Two summer school teachers with the Fulton School District are the first to participate in the Grow Your Own program.
The new program that started this year is among four local institutions, Fulton Public Schools, Westminster College, William Woods University and the Fulton Public Schools Foundation. It focuses on helping students interested in becoming educators receive the training they need.
Through agreements with each college, one student from each will have their expenses paid while completing training with Fulton Public Schools. One goal is to improve the district's recruitment and retention efforts by attracting students to complete their training with the hope they'll stay with the district afterward.
Mikayla Burton is a Grow Your Own recipient and junior at William Woods University. She found out about the program through her academic advisor.

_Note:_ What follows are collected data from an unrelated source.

(* Let $\mathcal{H}$ be a hypertree, $T$ a host tree of $\mathcal{H}$, and $B$ a basic set of $\mathcal{H}$. Let $\Gamma_{B,T}$ be the graph with vertex set $A(B)$ in which two distinct components $A_1,A_2\in A(B)$ are adjacent if and only if $T$ has an edge $e$ with $I_\mathcal{H}(e)=B$ having one endpoint in $A_1$ and the other in $A_2$. Then $\Gamma_{B,T}$ is a tree.
   Context: A hypergraph $\mathcal{H}$ has a finite vertex set $V(\mathcal{H})$ and a finite family of nonempty subsets (edges). A host tree is a tree on $V(\mathcal{H})$ in which every edge induces a connected subgraph; a hypertree is a hypergraph with a host tree. For $V'\subseteq V(\mathcal{H})$, $I_\mathcal{H}(V')$ is the intersection of all edges containing $V'$, or $V(\mathcal{H})$ if none does; for a tree edge $e=xy$, $I_\mathcal{H}(e)=I_\mathcal{H}(\{x,y\})$. For $A\subseteq V(\mathcal{H})$, $\overline{\mathcal{H}_A}$ is the hypergraph on $V(\mathcal{H})$ whose edges are the edges of $\mathcal{H}$ not containing $A$. The 2-section of a hypergraph is the graph on its vertices where two distinct vertices are adjacent iff some edge contains both. $A(B)$ is the set of connected components of the 2-section of $\overline{\mathcal{H}_B}$ containing at least one vertex of $B$. A union of sets is connected if the intersection graph of the sets is connected. $Comp(\mathcal{H})$ is the hypergraph without repeated edges on $V(\mathcal{H})$ whose edges are $V(\mathcal{H})$, all singletons, and all proper subsets obtainable from edges of $\mathcal{H}$ by repeated nonempty intersections and connected unions; a basic set is an edge of $Comp(\mathcal{H})$ with more than one vertex that is not a connected union of strictly smaller edges of $Comp(\mathcal{H})$. *)

theory Defs
  imports Main
begin

definition graph_rel :: "'v set set \<Rightarrow> ('v \<times> 'v) set" where
  "graph_rel F = {(x, y). x \<noteq> y \<and> {x, y} \<in> F}"

definition is_graph :: "'v set \<Rightarrow> 'v set set \<Rightarrow> bool" where
  "is_graph W F \<longleftrightarrow> (\<forall>f\<in>F. f \<subseteq> W \<and> card f = 2)"

definition connected_graph :: "'v set \<Rightarrow> 'v set set \<Rightarrow> bool" where
  "connected_graph W F \<longleftrightarrow> W \<noteq> {} \<and>
     (\<forall>x\<in>W. \<forall>y\<in>W. (x, y) \<in> (graph_rel {f\<in>F. f \<subseteq> W})\<^sup>*)"

definition is_tree :: "'v set \<Rightarrow> 'v set set \<Rightarrow> bool" where
  "is_tree W F \<longleftrightarrow> finite W \<and> is_graph W F \<and> connected_graph W F \<and>
     (\<forall>f\<in>F. \<not> connected_graph W (F - {f}))"

definition hypergraph :: "'a set \<Rightarrow> 'a set set \<Rightarrow> bool" where
  "hypergraph V E \<longleftrightarrow> finite V \<and> finite E \<and> (\<forall>e\<in>E. e \<noteq> {} \<and> e \<subseteq> V)"

definition host_tree :: "'a set \<Rightarrow> 'a set set \<Rightarrow> 'a set set \<Rightarrow> bool" where
  "host_tree V E T \<longleftrightarrow> is_tree V T \<and> (\<forall>e\<in>E. connected_graph e {f\<in>T. f \<subseteq> e})"

definition hypertree :: "'a set \<Rightarrow> 'a set set \<Rightarrow> bool" where
  "hypertree V E \<longleftrightarrow> hypergraph V E \<and> (\<exists>T. host_tree V E T)"

definition I_H :: "'a set \<Rightarrow> 'a set set \<Rightarrow> 'a set \<Rightarrow> 'a set" where
  "I_H V E V' = (if {e\<in>E. V' \<subseteq> e} = {} then V else \<Inter>{e\<in>E. V' \<subseteq> e})"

"I'm teaching summer school and it's been a really great experience," Burton said.
She will be starting her master's degree in the fall. Burton graduated from Fulton High School in 2020.
The partnership with William Woods University aims to provide financial support to a current undergraduate who would like to earn a masters degree in education at William Woods. The goal would be for a local student to have half of their expenses covered for their graduate degree, with a total benefit of $6,250.
The partnership with Westminster College aims to provide financial support for a student during their senior year. The goal would be for a student to have all expenses covered during their student teaching internship, including test fees for certification, with a total benefit of $6,250.
"I think what's unique about this partnership is the ability to not only teach summer school, but it does give you an advance experience in the classroom," said Fulton Assistant Superintendent Chris Hubbuch.
Sarah Crostic, is a GYO recipient at Westminster College. She said she was never the person who wanted to be a teacher, but she realized her passion for teaching and education during her senior year of high school.
"I cannot imagine myself doing anything but teaching. Education is the most powerful tool we can use to change the world and I have the honor to educate the next generation here in Fulton," Crostic said.
She came to Fulton from the suburbs of St. Louis. Crostic said moving to Fulton was a culture shock, but she quickly found her place within the tight knit community in Fulton at the elementary schools.
Outside of school, she said she can be found working on her farm or out on a boat in the river. Crostic's professor, Barri Bumgarner at Westminster College helped her find this opportunity.
Crostic said watching her students learn and have fun in class is what this scholarship is all about -- learning, growing, and having fun along the way.
"My experience with the program has been nothing but wonderful," Crostic said. "Fulton Public Schools have provided me with an opportunity like no other. I have taught summer school and can comfortably go into my student teaching knowing my own strengths and weaknesses as a teacher. The team at Westminster College has been so supportive in every step of the way. I know I have the support of the entire Fulton community behind me."
CORRECTION: This article was edited at 7:34 a.m. July 14, 2022, to correct the spelling of Chris Hubbuch's last name.